■ Aim of the task
Each line from the one holding "n s = [s..<n+1]" to the end of the data below must be output verbatim, with no other lines.

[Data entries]
(* Assume the seeds are i.i.d. uniform on $[n]$. Let $[\eta_{\min},\eta_{\max}]\subset(0,\tfrac12)$ be a fixed compact interval. Let $(m_k)_{k\in\mathbb N}$ be positive integers with $m_k\to\infty$, let $(n_k)$ be an arbitrary sequence of even integers $n_k\ge6$, and let $(l_k)$ be integers with $2\le l_k\le n_k/2-1$ and $l_k/n_k\in[\eta_{\min},\eta_{\max}]$ for all $k$. Then $\lim_{k\to\infty}p_1(n_k,m_k,l_k)=1$.
   Context: Candidates $[n]$, $m$ voters; voter $j$ has the clockwise oriented preference list $(s_j,s_j+1,\dots,n,1,\dots,s_j-1)$ with seed $s_j$; seeds independent uniform on $[n]$. In an election among a non-empty $S\subseteq[n]$ each voter votes for the first candidate of $S$ in its list; $\Xi_S(i)$ is the number of votes for $i$. Two-round election with partition $(A,B)$: the winner of $A$ is the $a\in A$ with $\Xi_A(a)>\Xi_A(a')$ for all other $a'\in A$ (if none, nobody wins); likewise for $B$; between first-round winners $a,b$, $a$ wins iff $\Xi_{\{a,b\}}(a)>\Xi_{\{a,b\}}(b)$ (ties: nobody wins). $A^{(1,n,l)}=\{1,\dots,l\}\cup\{l+2i:1\le i\le(n-2l)/2\}$, $B^{(1,n,l)}=[n]\setminus A^{(1,n,l)}$, and $p_1(n,m,l)$ is the probability that candidate 1 wins with partition $(A^{(1,n,l)},B^{(1,n,l)})$. *)

theory Defs
  imports "HOL-Analysis.Analysis"
begin

definition pref_list :: "nat \<Rightarrow> nat \<Rightarrow> nat list" where
  "pref_list n s = [s..<n+1] @ [1..<s]"

definition vote :: "nat \<Rightarrow> nat \<Rightarrow> nat set \<Rightarrow> nat" where
  "vote n s S = hd (filter (\<lambda>i. i \<in> S) (pref_list n s))"

definition Xi :: "nat \<Rightarrow> nat \<Rightarrow> (nat \<Rightarrow> nat) \<Rightarrow> nat set \<Rightarrow> nat \<Rightarrow> nat" where
  "Xi n m sd S i = card {j \<in> {0..<m}. vote n (sd j) S = i}"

■ Task result
  "pref_list n s = [s..<n+1] @ [1..<s]"

definition vote :: "nat \<Rightarrow> nat \<Rightarrow> nat set \<Rightarrow> nat" where
  "vote n s S = hd (filter (\<lambda>i. i \<in> S) (pref_list n s))"

definition Xi :: "nat \<Rightarrow> nat \<Rightarrow> (nat \<Rightarrow> nat) \<Rightarrow> nat set \<Rightarrow> nat \<Rightarrow> nat" where
  "Xi n m sd S i = card {j \<in> {0..<m}. vote n (sd j) S = i}"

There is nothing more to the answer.